Research

What Are We Trying To Achieve?

As feature-size scaling and “Moore’s Law” in CMOS circuits further slow down, attention is shifting to computing by non-von Neumann, non-CMOS, and non-Boolean computing models.

Our goal is to develop disruptive new computing paradigms and machines that will allow for lasting breakthroughs and open new application domains in the next 5-20 years.

What’s Our Secret Sauce?

We use a radical interdisciplinary approach and apply tools from computer science, computer engineering, physics, biology, complex systems science, and cognitive science to the study and the design of next generation computing models and architectures.
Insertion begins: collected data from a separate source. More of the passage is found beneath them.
definition LH0 :: "('a::euclidean_space \<Rightarrow> real) \<Rightarrow> bool" where
  "LH0 p \<longleftrightarrow> (\<exists>C>0. \<forall>x y. 0 < norm (x - y) \<and> norm (x - y) \<le> 1/2 \<longrightarrow>
      \<bar>p x - p y\<bar> \<le> C / (- ln (norm (x - y))))"

definition LH_infty :: "('a::euclidean_space \<Rightarrow> real) \<Rightarrow> real \<Rightarrow> bool" where
  "LH_infty p pinf \<longleftrightarrow> (\<exists>C>0. \<forall>x. \<bar>p x - pinf\<bar> \<le> C / ln (exp 1 + norm x))"

definition P_log :: "('a::euclidean_space \<Rightarrow> real) \<Rightarrow> bool" where
  "P_log p \<longleftrightarrow> p \<in> borel_measurable lebesgue \<and> 0 < p_minus p
     \<and> (\<exists>c. AE x in lebesgue. p x \<le> c) \<and> LH0 p
     \<and> (\<exists>pinf. p_minus p \<le> pinf \<and> pinf \<le> p_plus p \<and> LH_infty p pinf)"

definition weight :: "('a::euclidean_space \<Rightarrow> real) \<Rightarrow> bool" where
  "weight w \<longleftrightarrow> (\<forall>K. compact K \<longrightarrow> set_integrable lebesgue K w) \<and> (AE x in lebesgue. 0 < w x)"

definition RH :: "real \<Rightarrow> ('a::euclidean_space \<Rightarrow> real) \<Rightarrow> bool" where
  "RH s w \<longleftrightarrow> (\<exists>C>0. \<forall>a l. l > 0 \<longrightarrow>
      set_integrable lebesgue (cube a l) (\<lambda>x. w x powr s) \<and>
      ((LINT x:cube a l|lebesgue. w x powr s) / measure lebesgue (cube a l)) powr (1/s)
        \<le> C * ((LINT x:cube a l|lebesgue. w x) / measure lebesgue (cube a l)))"

definition modular :: "('a::euclidean_space \<Rightarrow> real) \<Rightarrow> ('a \<Rightarrow> real) \<Rightarrow> ennreal" where
  "modular p g = (\<integral>\<^sup>+ x. ennreal (\<bar>g x\<bar> powr p x) \<partial>lebesgue)"

definition var_norm :: "('a::euclidean_space \<Rightarrow> real) \<Rightarrow> ('a \<Rightarrow> real) \<Rightarrow> real" where
  "var_norm p g = Inf {t. t > 0 \<and> modular p (\<lambda>x. g x / t) \<le> 1}"

definition weighted_norm :: "('a::euclidean_space \<Rightarrow> real) \<Rightarrow> ('a \<Rightarrow> real) \<Rightarrow> ('a \<Rightarrow> real) \<Rightarrow> real" where
  "weighted_norm p w f = var_norm p (\<lambda>x. f x * w x)"

end

theory Submission
  imports Defs
begin

(* Let Q be a cube with V = |Q|, and let q = p_- if l(Q) > 1 and q = p_-(Q) otherwise, so that
   q <= p <= p_+ = s on Q.

   Upper bound: pointwise u^p(x) <= V^((q - p(x))/q) (u^q + V^((s - q)/q) u^s). The factor
   V^((q - p(x))/q) is at most 1 for large cubes, and for small cubes it is bounded by local
   log-Hoelder continuity, since (p(x) - p_-(Q)) log(1/l(Q)) is bounded. Integrating with
   u = w/t, and using the reverse Hoelder inequality to bound the s-mean of w by its q-mean,
   shows that the modular is at most 1 for t a fixed multiple of (int_Q w^q)^(1/q).

   Lower bound: Young's inequality with beta = V^(-1/q') gives
   beta int_Q w <= t (modular (w chi_Q / t) + int_Q beta^(p'(x))). The last integral is bounded:
   for small cubes because beta >= 1 and p' <= q', and for large cubes by the decay condition,
   since p'(x) is close to q' outside a box whose volume is compensated by beta^(s'). The reverse
   Hoelder inequality (which by Jensen holds for every exponent between 1 and s) turns int_Q w
   back into (int_Q w^q)^(1/q). *)

lemma powr_le_mixed_powers:
  fixes a M p q s :: real
  assumes "0 \<le> a" "0 < M" "q \<le> p" "p \<le> s"
  shows "a powr p \<le> M powr (p - q) * (a powr q + M powr (q - s) * a powr s)"
proof (cases "a = 0")
  case True then show ?thesis by simp
next
  case False
  hence a: "0 < a" using assms by auto
  show ?thesis
  proof (cases "a \<le> M")
    case True
    have "a powr (p - q) \<le> M powr (p - q)" using True a assms by (intro powr_mono2) auto
    hence "a powr q * a powr (p - q) \<le> a powr q * M powr (p - q)" by (intro mult_left_mono) auto
    hence "a powr p \<le> M powr (p - q) * a powr q" by (simp add: powr_add[symmetric] mult.commute)
    moreover have "0 \<le> M powr (p - q) * (M powr (q - s) * a powr s)" by simp
    ultimately show ?thesis unfolding distrib_left by linarith
  next
    case False
    have "a powr (p - s) \<le> M powr (p - s)" using False a assms by (intro powr_mono2') auto
    hence "a powr s * a powr (p - s) \<le> a powr s * M powr (p - s)" by (intro mult_left_mono) auto
    hence "a powr p \<le> M powr (p - s) * a powr s" by (simp add: powr_add[symmetric] mult.commute)
    also have "M powr (p - s) = M powr (p - q) * M powr (q - s)" by (simp add: powr_add[symmetric])
    finally have "a powr p \<le> M powr (p - q) * (M powr (q - s) * a powr s)" by simp
    moreover have "0 \<le> M powr (p - q) * a powr q" by simp
    ultimately show ?thesis unfolding distrib_left by linarith
  qed
qed

lemma mult_le_powr_add_conjugate_powr:
  fixes a b p :: real
  assumes "0 \<le> a" "0 \<le> b" "1 < p"
  shows "a * b \<le> a powr p + b powr (p / (p - 1))"
proof -
  have "a * b \<le> a powr p / p + b powr (p / (p - 1)) / (p / (p - 1))"
    using assms by (intro Youngs_inequality) (auto simp: field_simps)
  also have "\<dots> \<le> a powr p + b powr (p / (p - 1))"
    using assms by (intro add_mono divide_left_mono[of 1, simplified]) (auto simp: field_simps)
  finally show ?thesis .
qed

lemma le_add_scaled_powr:
  fixes g L r :: real
  assumes "0 \<le> g" "0 < L" "1 \<le> r"
  shows "g \<le> L + L powr (1 - r) * g powr r"
proof (cases "g \<le> L")
  case True
  then show ?thesis using powr_ge_zero[of L "1 - r"] powr_ge_zero[of g r]
    by (smt (verit) mult_nonneg_nonneg)
next
  case False
  hence g: "0 < g" using assms by auto
  have "L powr (1 - r) * g powr r = g * (g / L) powr (r - 1)"
    using g assms by (simp add: powr_divide powr_diff field_simps)
  moreover have "1 \<le> (g / L) powr (r - 1)" using False assms by (intro ge_one_powr_ge_zero) auto
  ultimately show ?thesis using g assms(2) by (smt (verit) mult_le_cancel_left1)
qed

lemma powr_le_add_powr:
  fixes w q s :: real
  assumes "0 < w" "1 \<le> q" "q \<le> s"
  shows "w powr q \<le> w + w powr s"
proof (cases "w \<le> 1")
  case True
  have "w powr q \<le> w powr 1" using True assms by (intro powr_mono') auto
  then have "w powr q \<le> w" using assms by simp
  then show ?thesis using powr_ge_zero[of w s] by linarith
next
  case False
  have "w powr q \<le> w powr s" using False assms by (intro powr_mono) auto
  then show ?thesis using assms by simp
qed

lemma LH0_imp_continuous:
  fixes p :: "'a::euclidean_space \<Rightarrow> real"
  assumes "LH0 p"
  shows "continuous_on UNIV p"
proof -
  obtain C where C: "C > 0" "\<And>x y. 0 < norm (x - y) \<Longrightarrow> norm (x - y) \<le> 1/2 \<Longrightarrow>
      \<bar>p x - p y\<bar> \<le> C / (- ln (norm (x - y)))"
    using assms unfolding LH0_def by blast
  show ?thesis unfolding continuous_on_iff
  proof (intro ballI allI impI)
    fix x :: 'a and e :: real
    assume e: "0 < e"
    define d where "d = min (1/2) (exp (- C / e))"
    show "\<exists>d>0. \<forall>x'\<in>UNIV. dist x' x < d \<longrightarrow> dist (p x') (p x) < e"
    proof (intro exI[of _ d] conjI ballI impI)
      show "0 < d" unfolding d_def by simp
      fix x' assume x': "dist x' x < d"
      show "dist (p x') (p x) < e"
      proof (cases "x' = x")
        case True then show ?thesis using e by simp
      next
        case False
        define r where "r = norm (x' - x)"
        have r: "0 < r" "r \<le> 1/2" "r < exp (- C / e)"
          using False x' unfolding r_def d_def dist_norm by auto
        have "ln r < ln (exp (- C / e))" using r by (subst ln_less_cancel_iff) auto
        hence lr: "C / e < - ln r" by simp
        have "0 < C / e" using C e by simp
        hence pos: "0 < (- ln r) * (C / e)" using lr by (intro mult_pos_pos) linarith+
        have "\<bar>p x' - p x\<bar> \<le> C / (- ln r)" using C(2)[of x' x] r unfolding r_def by simp
        also have "\<dots> < C / (C / e)" by (rule divide_strict_left_mono[OF lr C(1) pos])
        also have "\<dots> = e" using C e by simp
        finally show ?thesis by (simp add: dist_real_def)
      qed
    qed
  qed
qed

lemma LH_infty_decay:
  fixes p :: "'a::euclidean_space \<Rightarrow> real"
  assumes "LH_infty p q"
  obtains C where "\<And>x. \<bar>p x - q\<bar> * ln (exp 1 + norm x) \<le> C"
proof -
  obtain C where C: "\<And>x. \<bar>p x - q\<bar> \<le> C / ln (exp 1 + norm x)"
    using assms unfolding LH_infty_def by blast
  have "\<bar>p x - q\<bar> * ln (exp 1 + norm x) \<le> C" for x
  proof -
    have L: "1 \<le> ln (exp 1 + norm x)" by (subst ln_ge_iff) (auto simp: add_pos_nonneg)
    have "\<bar>p x - q\<bar> * ln (exp 1 + norm x) \<le> C / ln (exp 1 + norm x) * ln (exp 1 + norm x)"
      using C[of x] L by (intro mult_right_mono) auto
    also have "\<dots> = C" using L by simp
    finally show ?thesis .
  qed
  then show ?thesis using that by blast
qed

lemma LH_infty_bounded:
  fixes p :: "'a::euclidean_space \<Rightarrow> real"
  assumes "LH_infty p q"
  obtains C where "\<And>x. \<bar>p x - q\<bar> \<le> C"
proof -
  obtain C where C: "\<And>x. \<bar>p x - q\<bar> * ln (exp 1 + norm x) \<le> C"
    using LH_infty_decay[OF assms] by blast
  have "\<bar>p x - q\<bar> \<le> \<bar>p x - q\<bar> * ln (exp 1 + norm x)" for x
    using mult_left_mono[of 1 "ln (exp 1 + norm x)" "\<bar>p x - q\<bar>"]
    by (simp add: ln_ge_iff add_pos_nonneg)
  then show ?thesis using that C by (meson order_trans)
qed

lemma continuous_AE_ge_imp_ge:
  fixes f :: "'a::euclidean_space \<Rightarrow> real"
  assumes cont: "continuous_on UNIV f" and "open U"
    and ae: "AE x in lebesgue. x \<in> U \<longrightarrow> c \<le> f x" and x: "x \<in> closure U"
  shows "c \<le> f x"
proof -
  have "U \<inter> {y. f y < c} = {}"
  proof (rule ccontr)
    assume ne: "U \<inter> {y. f y < c} \<noteq> {}"
    obtain N where N: "negligible N" "{x. \<not> (x \<in> U \<longrightarrow> c \<le> f x)} \<subseteq> N"
      using ae unfolding eventually_ae_filter_negligible by blast
    have "negligible (U \<inter> {y. f y < c})"
      using N(2) by (intro negligible_subset[OF N(1)]) auto
    moreover have "open (U \<inter> {y. f y < c})"
      using \<open>open U\<close> cont by (intro open_Int open_Collect_less) auto
    ultimately show False using open_not_negligible ne by blast
  qed
  hence "U \<subseteq> {y. c \<le> f y}" by auto
  moreover have "closed {y. c \<le> f y}" using cont by (intro closed_Collect_le) auto
  ultimately show ?thesis using x closure_minimal by blast
qed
The core of teuscher.:Lab is the unique, diverse, and highly interdisciplinary team. Together, we are more then he sum of our parts. The success of our research also heavily relies on our sponsors and on many local, national, and international collaborations.

Our Core Expertise

  • Non-classical computation
  • Biomolecular computation
  • Neuromorphic computation
  • Machine learning and optimization techniques.
  • Computation with random systems
  • Intrinsic computation
  • Non-linear dynamical systems
  • Complex and adaptive systems and networks
  • Large-scale simulations

For students who want to probe further: Project areas and readings

Computing Education

We are committed to educate a new generation of students to make a difference for today’s and tomorrow’s society that depends on increasingly pervasive and complex computers.